(* There exists $C<\infty$ such that for every $N\ge1$ and every $(t,h)\in[0,\infty)^2$: \[ |\partial_t\bar F_N|+|\partial_h\bar F_N|\le C,\qquad |\partial_tF_N|\le C+\frac{C|W|}{\sqrt{Nt}},\qquad |\partial_hF_N|\le C+\frac{C|z|}{\sqrt{Nh}},\qquad \partial_h^2F_N\ge-\frac{C|z|}{N^{1/2}h^{3/2}}, \] all functions being evaluated at $(t,h)$.
   Context: Let $P$ be a probability measure on $\mathbb{R}$ with bounded support, and $P_N:=P^{\otimes N}$. Under a probability $\mathbb{P}$ (expectation $\mathbb{E}$), let $\bar x=(\bar x_1,\dots,\bar x_N)$ have i.i.d. entries of law $P$, let $W=(W_{ij})_{1\le i,j\le N}$ and $z=(z_i)_{1\le i\le N}$ be independent standard Gaussian variables, with $\bar x,W,z$ mutually independent. For $t,h\ge0$ and $x\in\mathbb{R}^N$ set \[ H_N(t,h,x):=\sqrt{\tfrac tN}\, x\cdot Wx+\tfrac tN (x\cdot\bar x)^2-\tfrac{t}{2N}|x|^4+\sqrt h\, z\cdot x+h\,x\cdot\bar x-\tfrac h2|x|^2, \] where $|x|$ is the Euclidean norm, $F_N(t,h):=\frac1N\log\int_{\mathbb{R}^N} e^{H_N(t,h,x)}\,dP_N(x)$ and $\bar F_N(t,h):=\mathbb{E}[F_N(t,h)]$. Also $|W|:=\sup\{|Wx|:x\in\mathbb{R}^N,|x|\le1\}$ is the operator norm. Bounds with a singular right side at $t=0$ or $h=0$ are understood as $+\infty$ there. *)

theory Defs
  imports "HOL-Probability.Probability"
begin

text \<open>Vectors in R^N are represented as functions nat => real, only the
  coordinates 0..N-1 matter; matrices as nat => nat => real.\<close>

definition inner_N :: "nat \<Rightarrow> (nat \<Rightarrow> real) \<Rightarrow> (nat \<Rightarrow> real) \<Rightarrow> real" where
  "inner_N N x y = (\<Sum>i<N. x i * y i)"

definition norm_N :: "nat \<Rightarrow> (nat \<Rightarrow> real) \<Rightarrow> real" where
  "norm_N N x = sqrt (inner_N N x x)"

definition matvec_N :: "nat \<Rightarrow> (nat \<Rightarrow> nat \<Rightarrow> real) \<Rightarrow> (nat \<Rightarrow> real) \<Rightarrow> (nat \<Rightarrow> real)" where
  "matvec_N N W x = (\<lambda>i. \<Sum>j<N. W i j * x j)"

definition opnorm_N :: "nat \<Rightarrow> (nat \<Rightarrow> nat \<Rightarrow> real) \<Rightarrow> real" where
  "opnorm_N N W = Sup {norm_N N (matvec_N N W x) | x. norm_N N x \<le> 1}"

definition gauss :: "real measure" where
  "gauss = density lborel (\<lambda>x. ennreal (std_normal_density x))"

definition H_N :: "nat \<Rightarrow> real \<Rightarrow> real \<Rightarrow> (nat \<Rightarrow> real) \<Rightarrow> (nat \<Rightarrow> nat \<Rightarrow> real)
    \<Rightarrow> (nat \<Rightarrow> real) \<Rightarrow> (nat \<Rightarrow> real) \<Rightarrow> real" where
  "H_N N t h xbar W z x =
     sqrt (t / N) * inner_N N x (matvec_N N W x)
     + t / N * (inner_N N x xbar)\<^sup>2
     - t / (2 * N) * (norm_N N x) ^ 4
     + sqrt h * inner_N N z x
     + h * inner_N N x xbar
     - h / 2 * (norm_N N x)\<^sup>2"

definition P_N :: "real measure \<Rightarrow> nat \<Rightarrow> (nat \<Rightarrow> real) measure" where
  "P_N P N = PiM {..<N} (\<lambda>_. P)"

definition Omega :: "real measure \<Rightarrow> nat \<Rightarrow>
    ((nat \<Rightarrow> real) \<times> (nat \<Rightarrow> nat \<Rightarrow> real) \<times> (nat \<Rightarrow> real)) measure" where
  "Omega P N = P_N P N \<Otimes>\<^sub>M (PiM {..<N} (\<lambda>_. PiM {..<N} (\<lambda>_. gauss)) \<Otimes>\<^sub>M PiM {..<N} (\<lambda>_. gauss))"

definition F_N :: "real measure \<Rightarrow> nat \<Rightarrow> real \<Rightarrow> real \<Rightarrow>
    ((nat \<Rightarrow> real) \<times> (nat \<Rightarrow> nat \<Rightarrow> real) \<times> (nat \<Rightarrow> real)) \<Rightarrow> real" where
  "F_N P N t h \<omega> = (case \<omega> of (xbar, W, z) \<Rightarrow>
     1 / N * ln (\<integral>x. exp (H_N N t h xbar W z x) \<partial>P_N P N))"

definition Fbar_N :: "real measure \<Rightarrow> nat \<Rightarrow> real \<Rightarrow> real \<Rightarrow> real" where
  "Fbar_N P N t h = (\<integral>\<omega>. F_N P N t h \<omega> \<partial>Omega P N)"

end

theory Submission
  imports Defs
begin

text \<open>For fixed disorder write \<open>H = sqrt s * A + s * B + R\<close>, where \<open>s = t\<close> and \<open>A = x \<bullet> W x / sqrt N\<close>,
  or \<open>s = h\<close> and \<open>A = z \<bullet> x\<close>. The log-partition function \<open>ln Z(u)\<close> of the weight
  \<open>exp (u A + u\<^sup>2 B + R)\<close> has derivative \<open>\<langle>A + 2 u B\<rangle>\<close> and second derivative
  \<open>Var (A + 2 u B) + 2 \<langle>B\<rangle>\<close>. As \<open>x\<close> is bounded, \<open>\<bar>\<langle>A\<rangle>\<bar>\<close> is at most a multiple of \<open>\<bar>W\<bar>\<close> or \<open>\<bar>z\<bar>\<close>,
  which bounds \<open>d/ds ln Z(sqrt s) = \<langle>A + 2 sqrt s B\<rangle> / (2 sqrt s)\<close>; the nonnegative variance
  gives the lower bound on the second derivative in \<open>h\<close>.
  For the averaged free energy, \<open>A = \<Sum>k. G\<^sub>k \<phi>\<^sub>k\<close> is linear in independent standard Gaussians \<open>G\<^sub>k\<close>.
  Gaussian integration by parts in one coordinate (redrawing \<open>G\<^sub>k\<close> while freezing the rest) and
  the fact that \<open>\<langle>\<phi>\<^sub>k\<rangle>\<close> is \<open>c\<^sup>2 \<bar>u\<bar>\<close>-Lipschitz in \<open>G\<^sub>k\<close> give \<open>\<bar>E G\<^sub>k \<langle>\<phi>\<^sub>k\<rangle>\<bar> \<le> c\<^sup>2 \<bar>u\<bar>\<close>,
  so \<open>E d/du ln Z = O(u)\<close> and the \<open>s\<close>-derivative stays bounded, also at \<open>s = 0\<close>
  (by l'Hopital, using the second derivative at \<open>u = 0\<close>).\<close>

section \<open>Differentiating parametric integrals\<close>

lemma LIMSEQ_integral_difference_quotient:
  fixes f f' :: "real \<Rightarrow> 'a \<Rightarrow> real"
  assumes Y: "\<And>n. Y n \<in> ball t e" "\<And>n. Y n \<noteq> t" "Y \<longlonglongrightarrow> t" and e: "0 < e"
    and int: "\<And>s. s \<in> ball t e \<Longrightarrow> integrable M (f s)"
    and meas': "f' t \<in> borel_measurable M"
    and der: "AE x in M. \<forall>s\<in>ball t e. ((\<lambda>s. f s x) has_real_derivative f' s x) (at s)"
    and g: "integrable M g"
    and bound: "AE x in M. \<forall>s\<in>ball t e. \<bar>f' s x\<bar> \<le> g x"
  shows "(\<lambda>n. ((\<integral>x. f (Y n) x \<partial>M) - (\<integral>x. f t x \<partial>M)) / (Y n - t)) \<longlonglongrightarrow> (\<integral>x. f' t x \<partial>M)"
proof -
  have t: "t \<in> ball t e" using e by simp
  have Yat: "filterlim Y (at t) sequentially"
    using Y by (simp add: filterlim_at)
  have lim: "(\<lambda>n. \<integral>x. (f (Y n) x - f t x) / (Y n - t) \<partial>M) \<longlonglongrightarrow> (\<integral>x. f' t x \<partial>M)"
  proof (rule integral_dominated_convergence[where w=g])
    show "(\<lambda>x. (f (Y n) x - f t x) / (Y n - t)) \<in> borel_measurable M" for n
      using int[OF Y(1)] int[OF t] by measurable
    show "AE x in M. (\<lambda>n. (f (Y n) x - f t x) / (Y n - t)) \<longlonglongrightarrow> f' t x"
      using der
    proof eventually_elim
      case (elim x)
      then have "((\<lambda>s. (f s x - f t x) / (s - t)) \<longlongrightarrow> f' t x) (at t)"
        using t by (simp add: has_field_derivative_iff)
      from filterlim_compose[OF this Yat] show ?case by simp
    qed
    show "AE x in M. norm ((f (Y n) x - f t x) / (Y n - t)) \<le> g x" for n
      using der bound
    proof eventually_elim
      case (elim x)
      have "norm (f (Y n) x - f t x) \<le> g x * norm (Y n - t)"
      proof (rule field_differentiable_bound[OF convex_ball _ _ Y(1) t])
        show "((\<lambda>s. f s x) has_real_derivative f' y x) (at y within ball t e)" if "y \<in> ball t e" for y
          using elim(1) that by (blast intro: has_field_derivative_at_within)
        show "norm (f' y x) \<le> g x" if "y \<in> ball t e" for y
          using elim(2) that by simp
      qed
      then show ?case using Y(2)[of n] by (simp add: abs_divide divide_le_eq)
    qed
  qed (use meas' g in auto)
  have eq: "(\<integral>x. (f (Y n) x - f t x) / (Y n - t) \<partial>M) =
      ((\<integral>x. f (Y n) x \<partial>M) - (\<integral>x. f t x \<partial>M)) / (Y n - t)" for n
    using int[OF Y(1)] int[OF t] by simp
  from lim show ?thesis unfolding eq .
qed

lemma has_real_derivative_integral:
  fixes f f' :: "real \<Rightarrow> 'a \<Rightarrow> real"
  assumes e: "0 < e"
    and int: "\<And>s. s \<in> ball t e \<Longrightarrow> integrable M (f s)"
    and meas': "f' t \<in> borel_measurable M"
    and der: "AE x in M. \<forall>s\<in>ball t e. ((\<lambda>s. f s x) has_real_derivative f' s x) (at s)"
    and g: "integrable M g"
    and bound: "AE x in M. \<forall>s\<in>ball t e. \<bar>f' s x\<bar> \<le> g x"
  shows "((\<lambda>s. \<integral>x. f s x \<partial>M) has_real_derivative (\<integral>x. f' t x \<partial>M)) (at t)"
  unfolding has_field_derivative_iff
proof (subst tendsto_at_iff_sequentially, intro allI impI)
  fix X :: "nat \<Rightarrow> real"
  assume X: "\<forall>i. X i \<in> UNIV - {t}" and Xt: "X \<longlonglongrightarrow> t"
  have "eventually (\<lambda>n. X n \<in> ball t e) sequentially"
    using Xt e by (simp add: tendsto_iff dist_commute)
  then obtain n0 where n0: "\<And>n. n \<ge> n0 \<Longrightarrow> X n \<in> ball t e"
    by (auto simp: eventually_sequentially)
  have "(\<lambda>n. ((\<integral>x. f (X (n + n0)) x \<partial>M) - (\<integral>x. f t x \<partial>M)) / (X (n + n0) - t)) \<longlonglongrightarrow> (\<integral>x. f' t x \<partial>M)"
    by (rule LIMSEQ_integral_difference_quotient[OF _ _ LIMSEQ_ignore_initial_segment[OF Xt] e int meas' der g bound])
      (use n0 X in auto)
  then show "((\<lambda>s. ((\<integral>x. f s x \<partial>M) - (\<integral>x. f t x \<partial>M)) / (s - t)) \<circ> X) \<longlonglongrightarrow> (\<integral>x. f' t x \<partial>M)"
    unfolding comp_def by (rule LIMSEQ_offset)
qed

lemma (in prob_space) nonneg_if_AE_abs_le:
  fixes f :: "'a \<Rightarrow> real"
  assumes "AE x in M. \<bar>f x\<bar> \<le> c"
  shows "0 \<le> c"
proof (rule ccontr)
  assume c: "\<not> 0 \<le> c"
  have "AE x in M. False"
    using assms
  proof eventually_elim
    case (elim x)
    then show ?case using c abs_ge_zero[of "f x"] by linarith
  qed
  then show False using AE_False by simp
qed

lemma (in prob_space) abs_integral_le_if_AE_abs_le:
  fixes f :: "'a \<Rightarrow> real"
  assumes "AE x in M. \<bar>f x\<bar> \<le> c"
  shows "\<bar>\<integral>x. f x \<partial>M\<bar> \<le> c"
proof (cases "integrable M f")
  case True
  have "\<bar>\<integral>x. f x \<partial>M\<bar> \<le> (\<integral>x. \<bar>f x\<bar> \<partial>M)"
    using integral_norm_bound[of M f] by simp
  also have "\<dots> \<le> (\<integral>x. c \<partial>M)"
    by (rule integral_mono_AE) (use True assms in auto)
  finally show ?thesis by (simp add: prob_space)
next
  case False
  then show ?thesis using nonneg_if_AE_abs_le[OF assms] by (simp add: not_integrable_integral_eq)
qed

lemma (in prob_space) integrable_if_AE_abs_le:
  fixes f :: "'a \<Rightarrow> real"
  assumes "f \<in> borel_measurable M" "AE x in M. \<bar>f x\<bar> \<le> c"
  shows "integrable M f"
  by (rule Bochner_Integration.integrable_bound[where f="\<lambda>_. c"]) (use assms in auto)

lemma square_le_if_abs_le: "\<bar>x::real\<bar> \<le> c \<Longrightarrow> x\<^sup>2 \<le> c\<^sup>2"
  using power_mono[of "\<bar>x\<bar>" c 2] by simp

lemma powr_three_halves:
  assumes "0 < s"
  shows "s powr (3/2) = s * sqrt s"
proof -
  have "s powr (3/2) = s powr (1 + 1/2)" by simp
  also have "\<dots> = s * sqrt s" using assms by (simp only: powr_add powr_half_sqrt) simp
  finally show ?thesis .
qed

section \<open>Gibbs measures with a quadratic tilt\<close>

definition gibbs_weight :: "('x \<Rightarrow> real) \<Rightarrow> ('x \<Rightarrow> real) \<Rightarrow> ('x \<Rightarrow> real) \<Rightarrow> real \<Rightarrow> 'x \<Rightarrow> real" where
  "gibbs_weight A B R u x = exp (u * A x + u\<^sup>2 * B x + R x)"

definition partition_fn :: "'x measure \<Rightarrow> ('x \<Rightarrow> real) \<Rightarrow> ('x \<Rightarrow> real) \<Rightarrow> ('x \<Rightarrow> real) \<Rightarrow> real \<Rightarrow> real" where
  "partition_fn M A B R u = (\<integral>x. gibbs_weight A B R u x \<partial>M)"

definition gibbs_avg :: "'x measure \<Rightarrow> ('x \<Rightarrow> real) \<Rightarrow> ('x \<Rightarrow> real) \<Rightarrow> ('x \<Rightarrow> real) \<Rightarrow> real \<Rightarrow>
    ('x \<Rightarrow> real) \<Rightarrow> real" where
  "gibbs_avg M A B R u f = (\<integral>x. f x * gibbs_weight A B R u x \<partial>M) / partition_fn M A B R u"

definition dlog_partition :: "'x measure \<Rightarrow> ('x \<Rightarrow> real) \<Rightarrow> ('x \<Rightarrow> real) \<Rightarrow> ('x \<Rightarrow> real) \<Rightarrow> real \<Rightarrow> real" where
  "dlog_partition M A B R u = gibbs_avg M A B R u A + 2 * u * gibbs_avg M A B R u B"

definition gibbs_var :: "'x measure \<Rightarrow> ('x \<Rightarrow> real) \<Rightarrow> ('x \<Rightarrow> real) \<Rightarrow> ('x \<Rightarrow> real) \<Rightarrow> real \<Rightarrow> real" where
  "gibbs_var M A B R u = gibbs_avg M A B R u (\<lambda>x. (A x + 2 * u * B x)\<^sup>2)
     - (gibbs_avg M A B R u (\<lambda>x. A x + 2 * u * B x))\<^sup>2"

locale gibbs_family = prob_space M for M :: "'x measure" +
  fixes A B R :: "'x \<Rightarrow> real" and a b r :: real
  assumes A_measurable[measurable]: "A \<in> borel_measurable M"
    and B_measurable[measurable]: "B \<in> borel_measurable M"
    and R_measurable[measurable]: "R \<in> borel_measurable M"
    and A_bounded: "AE x in M. \<bar>A x\<bar> \<le> a"
    and B_bounded: "AE x in M. \<bar>B x\<bar> \<le> b"
    and R_bounded: "AE x in M. \<bar>R x\<bar> \<le> r"
begin

abbreviation "w \<equiv> gibbs_weight A B R"
abbreviation "Z \<equiv> partition_fn M A B R"
abbreviation "avg \<equiv> gibbs_avg M A B R"
abbreviation "L \<equiv> dlog_partition M A B R"
abbreviation "V \<equiv> gibbs_var M A B R"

- - -

_Problem:_ Check every line of the listing for the string "that" and report how many lines have it, as a number alone.

_Task answer:_ 4